Stop Writing Prompts – Start Optimizing Them

Part 2 of 3 — The Foundation Series on Prompt Optimization

A practical guide to DSPy — the framework that treats prompt engineering as a programming problem, not a craft problem.

The problem with hand-written prompts:

In Part 1, we built a great prompt using five parts: Role, Task, Context, Examples, and Format. We saw that better instructions produce better results — consistently.

But here is the problem that every AI product team eventually hits:

You have 8 modules in your pipeline. Each has its own prompt. Your evaluation shows module 3 is underperforming. You tweak its prompt. Module 3 improves. Module 5 gets worse. You fix module 5. Three weeks later, a new dataset exposes gaps in module 2. You start over.

You are spending more time engineering prompts than building product.

This is not a discipline problem. It is a tooling problem. And it has a solution.

The Solution – DSPy

DSPy (Declarative Self-improving Python) is an open-source framework from Stanford NLP, now stewarded by Databricks. Instead of writing prompts, you write Signatures — Python classes that define what goes in and what should come out of an LLM call. Then you run an Optimizer that automatically finds the best prompt to achieve that.

In DSPy, you define what your pipeline does — the modules, the inputs, the outputs, the flow.

The framework handles how to instruct the LLM to do each step. Those instructions — the prompts — are compiled automatically, not written manually, and saved in a JSON file that DSPy loads at runtime to assemble the prompt automatically — you never write or paste the prompt yourself.

You work at a higher level of abstraction, and a compiler handles the low-level details.

Traditional promptingDSPy
You write Role, Task, Examples, Format by handYou define inputs, outputs, and a scoring metric
You iterate by editing strings and re-testingYou iterate by changing the metric and re-compiling
You own the prompt textYou own the structure and the metric
Prompts are brittle across modelsSwap models, re-optimize — same structure works
More modules = more prompts to maintainMore modules = more to optimize together

Before you use DSPy — quick checklist

Before you run a single line of DSPy code, make sure you can check all five boxes:

A defined task — you know exactly what goes in and what should come out. If you cannot fill in a Signature cleanly, the task is not ready yet.

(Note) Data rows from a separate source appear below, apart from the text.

(* Let $T$ be a tournament, let $v$ be a vertex with $d^-(v)=0$, and let $M\subseteq V(T)$. Then $T$ is $M$-sparse if and only if $T-v$ is $(M\setminus\{v\})$-sparse.
   Context: A tournament is a digraph with exactly one arc between each pair of distinct vertices; $d^-(v)$ is the in-degree of $v$ and $T-v$ is the subtournament induced by $V(T)\setminus\{v\}$. For an ordering $\sigma$ of the vertices, an arc $(x,y)$ is backward if $y$ precedes $x$, and $d_\sigma(u)$ is the number of backward arcs incident to $u$. For a tournament $S$ and $N\subseteq V(S)$, $S$ is $N$-sparse if there is an ordering $\sigma$ of $V(S)$ with $d_\sigma(u)\le1$ for all $u$ and $d_\sigma(u)=0$ for all $u\in N$. *)

theory Defs
  imports Main
begin

definition tournament :: "'a set \<Rightarrow> ('a \<times> 'a) set \<Rightarrow> bool" where
  "tournament V A \<longleftrightarrow> finite V \<and> A \<subseteq> V \<times> V \<and> (\<forall>x. (x, x) \<notin> A) \<and>
     (\<forall>x\<in>V. \<forall>y\<in>V. x \<noteq> y \<longrightarrow> ((x, y) \<in> A \<longleftrightarrow> (y, x) \<notin> A))"

definition in_degree :: "('a \<times> 'a) set \<Rightarrow> 'a \<Rightarrow> nat" where
  "in_degree A v = card {u. (u, v) \<in> A}"

definition del_vertex_arcs :: "'a set \<Rightarrow> ('a \<times> 'a) set \<Rightarrow> 'a \<Rightarrow> ('a \<times> 'a) set" where
  "del_vertex_arcs V A v = A \<inter> ((V - {v}) \<times> (V - {v}))"

definition is_ordering :: "'a set \<Rightarrow> 'a list \<Rightarrow> bool" where
  "is_ordering V \<sigma> \<longleftrightarrow> distinct \<sigma> \<and> set \<sigma> = V"

definition precedes :: "'a list \<Rightarrow> 'a \<Rightarrow> 'a \<Rightarrow> bool" where
  "precedes \<sigma> y x \<longleftrightarrow> (\<exists>i j. i < j \<and> j < length \<sigma> \<and> \<sigma> ! i = y \<and> \<sigma> ! j = x)"

definition backward_arcs :: "('a \<times> 'a) set \<Rightarrow> 'a list \<Rightarrow> ('a \<times> 'a) set" where
  "backward_arcs A \<sigma> = {(x, y). (x, y) \<in> A \<and> precedes \<sigma> y x}"

definition back_deg :: "('a \<times> 'a) set \<Rightarrow> 'a list \<Rightarrow> 'a \<Rightarrow> nat" where
  "back_deg A \<sigma> u = card {e \<in> backward_arcs A \<sigma>. fst e = u \<or> snd e = u}"

definition sparse :: "'a set \<Rightarrow> ('a \<times> 'a) set \<Rightarrow> 'a set \<Rightarrow> bool" where
  "sparse V A N \<longleftrightarrow> (\<exists>\<sigma>. is_ordering V \<sigma> \<and> (\<forall>u\<in>V. back_deg A \<sigma> u \<le> 1) \<and>
                            (\<forall>u\<in>N. back_deg A \<sigma> u = 0))"

end

theory Submission
  imports Defs
begin

text \<open>A source can be placed first in any ordering without creating backward arcs, and deleting
a vertex from an ordering never creates backward arcs either. Hence orderings witnessing sparsity
of \<open>T - v\<close> and of \<open>T\<close> correspond to each other by adding or removing the source \<open>v\<close> at the front.\<close>

lemma precedes_imp_mem: "precedes \<sigma> y x \<Longrightarrow> x \<in> set \<sigma> \<and> y \<in> set \<sigma>"
  unfolding precedes_def by auto

lemma precedes_Cons:
  "precedes (a # \<sigma>) y x \<longleftrightarrow> (a = y \<and> x \<in> set \<sigma>) \<or> precedes \<sigma> y x"
proof
  assume "precedes (a # \<sigma>) y x"
  then obtain i j where "i < j" "j < length (a # \<sigma>)" "(a # \<sigma>) ! i = y" "(a # \<sigma>) ! j = x"
    unfolding precedes_def by blast
  then show "(a = y \<and> x \<in> set \<sigma>) \<or> precedes \<sigma> y x"
    unfolding precedes_def by (cases i; cases j) auto
next
  assume "(a = y \<and> x \<in> set \<sigma>) \<or> precedes \<sigma> y x"
  then show "precedes (a # \<sigma>) y x"
  proof
    assume "a = y \<and> x \<in> set \<sigma>"
    then obtain j where "j < length \<sigma>" "\<sigma> ! j = x" "a = y"
      by (auto simp: in_set_conv_nth)
    then show ?thesis
      unfolding precedes_def by (intro exI[of _ 0] exI[of _ "Suc j"]) auto
  next
    assume "precedes \<sigma> y x"
    then obtain i j where "i < j" "j < length \<sigma>" "\<sigma> ! i = y" "\<sigma> ! j = x"
      unfolding precedes_def by blast
    then show ?thesis
      unfolding precedes_def by (intro exI[of _ "Suc i"] exI[of _ "Suc j"]) auto
  qed
qed

lemma precedes_filter:
  "precedes (filter P \<sigma>) y x \<longleftrightarrow> P y \<and> P x \<and> precedes \<sigma> y x"
  by (induction \<sigma>) (auto simp: precedes_Cons precedes_def[of "[]"])

lemma backward_arcs_subset_set: "backward_arcs A \<sigma> \<subseteq> set \<sigma> \<times> set \<sigma>"
  unfolding backward_arcs_def by (auto dest: precedes_imp_mem)

lemma finite_backward_arcs: "finite (backward_arcs A \<sigma>)"
  by (rule finite_subset[OF backward_arcs_subset_set]) simp

lemma backward_arcs_filter_subset: "backward_arcs A (filter P \<sigma>) \<subseteq> backward_arcs A \<sigma>"
  unfolding backward_arcs_def by (auto simp: precedes_filter)

lemma backward_arcs_restrict:
  assumes "set \<sigma> \<subseteq> W"
  shows "backward_arcs (A \<inter> W \<times> W) \<sigma> = backward_arcs A \<sigma>"
  using assms unfolding backward_arcs_def by (auto dest: precedes_imp_mem)

lemma backward_arcs_Cons_source:
  assumes "\<And>u. (u, v) \<notin> A"
  shows "backward_arcs A (v # \<sigma>) = backward_arcs A \<sigma>"
  using assms unfolding backward_arcs_def by (auto simp: precedes_Cons)

lemma back_deg_mono:
  assumes "backward_arcs B \<tau> \<subseteq> backward_arcs A \<sigma>"
  shows "back_deg B \<tau> u \<le> back_deg A \<sigma> u"
  unfolding back_deg_def using assms finite_backward_arcs[of A \<sigma>]
  by (intro card_mono) auto

lemma back_deg_notin: "u \<notin> set \<sigma> \<Longrightarrow> back_deg A \<sigma> u = 0"
  unfolding back_deg_def using backward_arcs_subset_set[of A \<sigma>] finite_backward_arcs[of A \<sigma>]
  by (subst card_0_eq) auto

lemma in_degree_eq_0_iff:
  assumes "finite A"
  shows "in_degree A v = 0 \<longleftrightarrow> (\<forall>u. (u, v) \<notin> A)"
proof -
  have "{u. (u, v) \<in> A} \<subseteq> fst ` A" by force
  then have "finite {u. (u, v) \<in> A}"
    using assms by (meson finite_imageI finite_subset)
  then show ?thesis unfolding in_degree_def by auto
qed

lemma sparse_subset:
  assumes "sparse V A N" and "W \<subseteq> V" and "N' \<subseteq> N"
  shows "sparse W A N'"
proof -
  obtain \<sigma> where \<sigma>: "is_ordering V \<sigma>" "\<forall>u\<in>V. back_deg A \<sigma> u \<le> 1" "\<forall>u\<in>N. back_deg A \<sigma> u = 0"
    using assms(1) unfolding sparse_def by blast
  let ?\<tau> = "filter (\<lambda>x. x \<in> W) \<sigma>"
  have ordering: "is_ordering W ?\<tau>"
    using \<sigma>(1) assms(2) unfolding is_ordering_def by auto
  have le: "back_deg A ?\<tau> u \<le> back_deg A \<sigma> u" for u
    by (rule back_deg_mono[OF backward_arcs_filter_subset])
  have "\<forall>u\<in>W. back_deg A ?\<tau> u \<le> 1"
    using \<sigma>(2) assms(2) le by (meson order_trans subsetD)
  moreover have "\<forall>u\<in>N'. back_deg A ?\<tau> u = 0"
    using \<sigma>(3) assms(3) le by (metis le_zero_eq subsetD)
  ultimately show ?thesis
    unfolding sparse_def using ordering by blast
qed

lemma back_deg_restrict:
  assumes "is_ordering W \<sigma>"
  shows "back_deg (A \<inter> W \<times> W) \<sigma> = back_deg A \<sigma>"
proof -
  have "set \<sigma> \<subseteq> W"
    using assms unfolding is_ordering_def by simp
  then show ?thesis
    unfolding back_deg_def by (simp only: backward_arcs_restrict)
qed

lemma sparse_restrict_arcs: "sparse W (A \<inter> W \<times> W) N \<longleftrightarrow> sparse W A N"
  unfolding sparse_def by (auto simp: back_deg_restrict)

lemma sparse_insert_source:
  assumes "sparse W A N" and "v \<notin> W" and "\<And>u. (u, v) \<notin> A"
  shows "sparse (insert v W) A (insert v N)"
proof -
  obtain \<sigma> where \<sigma>: "is_ordering W \<sigma>" "\<forall>u\<in>W. back_deg A \<sigma> u \<le> 1" "\<forall>u\<in>N. back_deg A \<sigma> u = 0"
    using assms(1) unfolding sparse_def by blast
  have "is_ordering (insert v W) (v # \<sigma>)"
    using \<sigma>(1) assms(2) unfolding is_ordering_def by auto
  moreover have "back_deg A (v # \<sigma>) u = back_deg A \<sigma> u" for u
    unfolding back_deg_def backward_arcs_Cons_source[OF assms(3)] ..
  moreover have "back_deg A \<sigma> v = 0"
    using \<sigma>(1) assms(2) unfolding is_ordering_def by (simp add: back_deg_notin)
  ultimately show ?thesis
    unfolding sparse_def using \<sigma>(2,3) by (intro exI[of _ "v # \<sigma>"]) auto
qed

theorem mainTheorem14:
  fixes V :: "'a set" and A :: "('a \<times> 'a) set" and v :: 'a and M :: "'a set"
  assumes "tournament V A" and "v \<in> V" and "in_degree A v = 0" and "M \<subseteq> V"
  shows "sparse V A M \<longleftrightarrow> sparse (V - {v}) (del_vertex_arcs V A v) (M - {v})"
proof -
  have "finite A"
    using assms(1) unfolding tournament_def by (meson finite_SigmaI finite_subset)
  then have source: "\<And>u. (u, v) \<notin> A"
    using assms(3) by (simp add: in_degree_eq_0_iff)
  have "sparse (V - {v}) (del_vertex_arcs V A v) (M - {v}) \<longleftrightarrow> sparse (V - {v}) A (M - {v})"
    unfolding del_vertex_arcs_def by (rule sparse_restrict_arcs)
  also have "\<dots> \<longleftrightarrow> sparse V A M"
  proof
    assume "sparse (V - {v}) A (M - {v})"
    then have "sparse (insert v (V - {v})) A (insert v (M - {v}))"
      by (rule sparse_insert_source[OF _ _ source]) simp
    then show "sparse V A M"
      by (rule sparse_subset) auto
  next
    assume "sparse V A M"
    then show "sparse (V - {v}) A (M - {v})"
      by (rule sparse_subset) auto
  qed
  finally show ?thesis ..
qed

end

30–50 labeled examples — real inputs paired with correct outputs, covering normal cases and edge cases. This is your training data.

A metric function — a Python function that scores a prediction against a label. If you cannot measure “good,” you cannot optimize for it.

Time and compute — You need to optimize your prompt. Optimization is a one-time cost but a real one. Budget 15–60 minutes of GPU time depending on your optimizer and dataset size.

A stable pipeline — you have decided how many LLM steps you need and how they connect. DSPy optimizes your pipeline, it does not design it.

If any box is unchecked, finish that first. DSPy rewards preparation. The more solid your inputs, the more powerful the output.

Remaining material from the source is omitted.